• INFORMATION SUPPLIED
============================================================

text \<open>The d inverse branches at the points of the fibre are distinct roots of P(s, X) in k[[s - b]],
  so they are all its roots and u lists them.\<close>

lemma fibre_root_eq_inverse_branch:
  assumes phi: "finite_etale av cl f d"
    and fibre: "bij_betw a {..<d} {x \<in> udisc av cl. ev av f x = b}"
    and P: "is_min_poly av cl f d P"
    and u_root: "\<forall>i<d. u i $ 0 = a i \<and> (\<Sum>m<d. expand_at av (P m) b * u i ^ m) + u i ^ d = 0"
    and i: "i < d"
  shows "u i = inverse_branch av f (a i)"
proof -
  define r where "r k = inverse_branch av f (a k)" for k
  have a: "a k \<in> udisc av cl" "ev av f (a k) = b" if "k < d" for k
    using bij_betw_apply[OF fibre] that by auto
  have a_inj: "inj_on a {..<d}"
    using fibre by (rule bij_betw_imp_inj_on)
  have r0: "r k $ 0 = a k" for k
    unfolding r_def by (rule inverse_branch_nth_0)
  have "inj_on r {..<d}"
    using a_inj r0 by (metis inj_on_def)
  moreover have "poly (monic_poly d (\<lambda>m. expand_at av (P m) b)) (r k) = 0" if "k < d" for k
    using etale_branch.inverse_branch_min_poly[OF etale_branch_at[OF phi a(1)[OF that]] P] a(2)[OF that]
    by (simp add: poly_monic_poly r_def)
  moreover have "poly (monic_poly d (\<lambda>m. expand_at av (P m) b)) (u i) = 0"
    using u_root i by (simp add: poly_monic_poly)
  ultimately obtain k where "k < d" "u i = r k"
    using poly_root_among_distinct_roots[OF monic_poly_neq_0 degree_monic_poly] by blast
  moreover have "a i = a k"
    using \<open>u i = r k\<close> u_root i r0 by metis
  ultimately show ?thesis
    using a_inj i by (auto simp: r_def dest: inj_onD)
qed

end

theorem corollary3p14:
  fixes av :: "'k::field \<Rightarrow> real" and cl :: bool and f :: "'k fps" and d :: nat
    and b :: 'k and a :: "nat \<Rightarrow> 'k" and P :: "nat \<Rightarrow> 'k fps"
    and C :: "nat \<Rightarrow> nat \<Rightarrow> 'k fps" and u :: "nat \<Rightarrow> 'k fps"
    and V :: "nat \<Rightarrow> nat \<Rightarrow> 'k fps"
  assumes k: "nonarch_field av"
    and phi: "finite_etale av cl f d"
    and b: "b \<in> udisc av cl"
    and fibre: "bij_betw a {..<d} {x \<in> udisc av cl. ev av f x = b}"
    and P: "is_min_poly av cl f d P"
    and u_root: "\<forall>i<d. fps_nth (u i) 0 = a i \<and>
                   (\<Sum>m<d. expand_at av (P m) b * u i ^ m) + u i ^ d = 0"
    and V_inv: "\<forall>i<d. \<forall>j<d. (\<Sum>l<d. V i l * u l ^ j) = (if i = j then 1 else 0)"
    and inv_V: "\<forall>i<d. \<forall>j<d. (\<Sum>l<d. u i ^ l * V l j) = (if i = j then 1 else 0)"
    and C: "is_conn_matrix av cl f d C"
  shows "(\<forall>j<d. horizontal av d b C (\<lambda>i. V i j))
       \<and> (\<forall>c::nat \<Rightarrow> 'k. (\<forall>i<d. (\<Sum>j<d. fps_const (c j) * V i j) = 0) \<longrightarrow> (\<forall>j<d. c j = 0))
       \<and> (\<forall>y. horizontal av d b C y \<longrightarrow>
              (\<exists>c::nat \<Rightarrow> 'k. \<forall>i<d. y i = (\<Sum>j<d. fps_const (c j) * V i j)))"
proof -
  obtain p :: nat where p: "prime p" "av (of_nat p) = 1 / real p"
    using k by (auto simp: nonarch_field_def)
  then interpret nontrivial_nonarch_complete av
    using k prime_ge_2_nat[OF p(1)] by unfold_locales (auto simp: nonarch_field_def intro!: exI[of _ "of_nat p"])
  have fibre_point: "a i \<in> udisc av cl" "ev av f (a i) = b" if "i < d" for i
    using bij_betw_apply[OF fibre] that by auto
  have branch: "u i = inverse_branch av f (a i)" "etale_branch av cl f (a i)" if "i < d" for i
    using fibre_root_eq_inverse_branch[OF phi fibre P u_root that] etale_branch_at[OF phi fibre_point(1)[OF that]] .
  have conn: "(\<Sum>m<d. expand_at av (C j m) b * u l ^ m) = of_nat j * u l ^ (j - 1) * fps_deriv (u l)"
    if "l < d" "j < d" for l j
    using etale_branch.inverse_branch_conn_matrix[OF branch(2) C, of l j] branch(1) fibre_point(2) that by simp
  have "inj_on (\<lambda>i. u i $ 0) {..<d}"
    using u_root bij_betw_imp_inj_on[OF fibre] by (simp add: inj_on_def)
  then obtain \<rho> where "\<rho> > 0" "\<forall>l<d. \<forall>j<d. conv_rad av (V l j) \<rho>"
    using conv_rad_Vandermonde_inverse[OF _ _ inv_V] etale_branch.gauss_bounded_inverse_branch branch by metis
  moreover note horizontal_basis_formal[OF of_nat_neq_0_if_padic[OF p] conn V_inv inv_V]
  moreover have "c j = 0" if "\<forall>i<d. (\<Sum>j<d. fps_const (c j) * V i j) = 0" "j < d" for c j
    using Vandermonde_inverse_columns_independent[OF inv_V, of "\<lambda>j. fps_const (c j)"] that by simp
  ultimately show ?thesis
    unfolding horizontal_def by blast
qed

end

============================================================

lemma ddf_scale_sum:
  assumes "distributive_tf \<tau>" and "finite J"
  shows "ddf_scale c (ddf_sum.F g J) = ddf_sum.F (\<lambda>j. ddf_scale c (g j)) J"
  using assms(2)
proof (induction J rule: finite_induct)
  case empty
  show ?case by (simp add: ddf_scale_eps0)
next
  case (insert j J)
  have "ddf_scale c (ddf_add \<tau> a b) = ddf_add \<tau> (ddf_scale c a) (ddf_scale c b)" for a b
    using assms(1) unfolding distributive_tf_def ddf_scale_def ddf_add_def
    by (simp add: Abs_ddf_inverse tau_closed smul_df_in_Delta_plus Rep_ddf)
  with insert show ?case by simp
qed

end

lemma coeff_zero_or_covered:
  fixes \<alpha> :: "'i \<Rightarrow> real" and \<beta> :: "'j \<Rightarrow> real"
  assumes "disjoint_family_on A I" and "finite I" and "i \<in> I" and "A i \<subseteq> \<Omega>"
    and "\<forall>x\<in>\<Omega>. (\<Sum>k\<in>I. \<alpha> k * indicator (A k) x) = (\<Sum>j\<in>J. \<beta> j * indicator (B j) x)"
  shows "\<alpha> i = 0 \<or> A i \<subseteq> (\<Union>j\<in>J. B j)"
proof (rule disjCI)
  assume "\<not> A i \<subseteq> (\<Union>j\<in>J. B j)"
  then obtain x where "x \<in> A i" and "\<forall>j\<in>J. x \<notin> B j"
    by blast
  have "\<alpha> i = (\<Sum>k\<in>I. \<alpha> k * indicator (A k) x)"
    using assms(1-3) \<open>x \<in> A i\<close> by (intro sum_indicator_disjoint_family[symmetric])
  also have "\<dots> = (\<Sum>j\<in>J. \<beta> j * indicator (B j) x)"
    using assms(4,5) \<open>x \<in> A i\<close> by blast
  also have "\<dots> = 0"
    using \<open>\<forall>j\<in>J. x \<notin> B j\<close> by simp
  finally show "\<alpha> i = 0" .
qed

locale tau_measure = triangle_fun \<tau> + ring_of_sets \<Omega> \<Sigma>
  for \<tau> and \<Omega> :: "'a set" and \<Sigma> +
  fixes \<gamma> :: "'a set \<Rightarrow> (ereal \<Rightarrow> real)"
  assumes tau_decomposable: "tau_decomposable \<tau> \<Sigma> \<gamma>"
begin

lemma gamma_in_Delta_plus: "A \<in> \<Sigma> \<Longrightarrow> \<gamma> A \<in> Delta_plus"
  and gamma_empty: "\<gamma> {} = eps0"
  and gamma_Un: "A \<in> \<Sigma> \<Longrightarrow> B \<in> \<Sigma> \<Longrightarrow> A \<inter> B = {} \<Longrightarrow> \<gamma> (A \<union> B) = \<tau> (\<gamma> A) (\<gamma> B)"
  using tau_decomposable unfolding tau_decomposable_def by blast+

============================================================

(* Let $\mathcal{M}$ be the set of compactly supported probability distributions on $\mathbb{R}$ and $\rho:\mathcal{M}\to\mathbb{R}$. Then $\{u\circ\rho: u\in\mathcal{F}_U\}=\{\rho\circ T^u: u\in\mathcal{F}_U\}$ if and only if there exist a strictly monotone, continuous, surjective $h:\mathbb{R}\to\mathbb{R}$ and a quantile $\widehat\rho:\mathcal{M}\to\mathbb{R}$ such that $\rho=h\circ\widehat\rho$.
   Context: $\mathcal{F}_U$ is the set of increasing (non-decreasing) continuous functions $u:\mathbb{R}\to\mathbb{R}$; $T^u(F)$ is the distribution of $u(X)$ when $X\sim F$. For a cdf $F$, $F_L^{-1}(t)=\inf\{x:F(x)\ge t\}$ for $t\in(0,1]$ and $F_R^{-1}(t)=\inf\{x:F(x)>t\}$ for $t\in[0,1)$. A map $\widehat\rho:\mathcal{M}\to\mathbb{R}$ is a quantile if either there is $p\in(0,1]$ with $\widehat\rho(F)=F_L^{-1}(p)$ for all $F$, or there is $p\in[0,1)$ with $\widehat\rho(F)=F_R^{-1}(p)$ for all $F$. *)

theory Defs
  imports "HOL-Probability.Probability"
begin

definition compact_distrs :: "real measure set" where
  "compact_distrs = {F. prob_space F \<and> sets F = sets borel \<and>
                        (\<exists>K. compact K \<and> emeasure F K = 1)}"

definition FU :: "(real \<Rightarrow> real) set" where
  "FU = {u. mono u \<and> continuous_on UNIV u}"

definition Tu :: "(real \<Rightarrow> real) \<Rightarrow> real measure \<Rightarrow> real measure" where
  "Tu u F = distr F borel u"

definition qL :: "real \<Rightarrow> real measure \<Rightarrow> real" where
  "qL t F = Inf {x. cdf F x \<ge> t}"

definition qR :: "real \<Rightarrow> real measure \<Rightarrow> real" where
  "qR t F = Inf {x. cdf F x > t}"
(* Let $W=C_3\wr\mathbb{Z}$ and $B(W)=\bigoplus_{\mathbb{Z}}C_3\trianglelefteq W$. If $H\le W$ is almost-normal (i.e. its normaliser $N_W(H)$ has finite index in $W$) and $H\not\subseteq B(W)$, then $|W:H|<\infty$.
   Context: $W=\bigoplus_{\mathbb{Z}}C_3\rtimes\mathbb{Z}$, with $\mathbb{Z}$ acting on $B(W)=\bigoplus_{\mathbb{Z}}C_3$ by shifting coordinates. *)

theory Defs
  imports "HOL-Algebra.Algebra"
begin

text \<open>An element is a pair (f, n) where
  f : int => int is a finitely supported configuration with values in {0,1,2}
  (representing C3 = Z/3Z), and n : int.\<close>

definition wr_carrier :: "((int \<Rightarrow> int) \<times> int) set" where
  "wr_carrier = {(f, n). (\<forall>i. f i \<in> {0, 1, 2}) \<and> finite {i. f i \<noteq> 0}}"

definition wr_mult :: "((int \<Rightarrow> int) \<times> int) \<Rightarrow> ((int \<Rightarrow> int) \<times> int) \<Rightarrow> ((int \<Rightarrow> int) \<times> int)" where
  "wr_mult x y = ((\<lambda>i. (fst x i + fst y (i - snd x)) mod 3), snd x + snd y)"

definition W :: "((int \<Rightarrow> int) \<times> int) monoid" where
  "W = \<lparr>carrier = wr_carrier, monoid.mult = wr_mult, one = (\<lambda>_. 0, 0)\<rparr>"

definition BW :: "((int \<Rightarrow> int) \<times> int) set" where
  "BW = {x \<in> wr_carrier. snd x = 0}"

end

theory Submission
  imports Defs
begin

============================================================

• DIRECTIONS
Wherever the word "there" turns up in a line of the entries above, copy that line.

• SOLUTION TO THIS TASK
(* Let $\mathcal{M}$ be the set of compactly supported probability distributions on $\mathbb{R}$ and $\rho:\mathcal{M}\to\mathbb{R}$. Then $\{u\circ\rho: u\in\mathcal{F}_U\}=\{\rho\circ T^u: u\in\mathcal{F}_U\}$ if and only if there exist a strictly monotone, continuous, surjective $h:\mathbb{R}\to\mathbb{R}$ and a quantile $\widehat\rho:\mathcal{M}\to\mathbb{R}$ such that $\rho=h\circ\widehat\rho$.
   Context: $\mathcal{F}_U$ is the set of increasing (non-decreasing) continuous functions $u:\mathbb{R}\to\mathbb{R}$; $T^u(F)$ is the distribution of $u(X)$ when $X\sim F$. For a cdf $F$, $F_L^{-1}(t)=\inf\{x:F(x)\ge t\}$ for $t\in(0,1]$ and $F_R^{-1}(t)=\inf\{x:F(x)>t\}$ for $t\in[0,1)$. A map $\widehat\rho:\mathcal{M}\to\mathbb{R}$ is a quantile if either there is $p\in(0,1]$ with $\widehat\rho(F)=F_L^{-1}(p)$ for all $F$, or there is $p\in[0,1)$ with $\widehat\rho(F)=F_R^{-1}(p)$ for all $F$. *)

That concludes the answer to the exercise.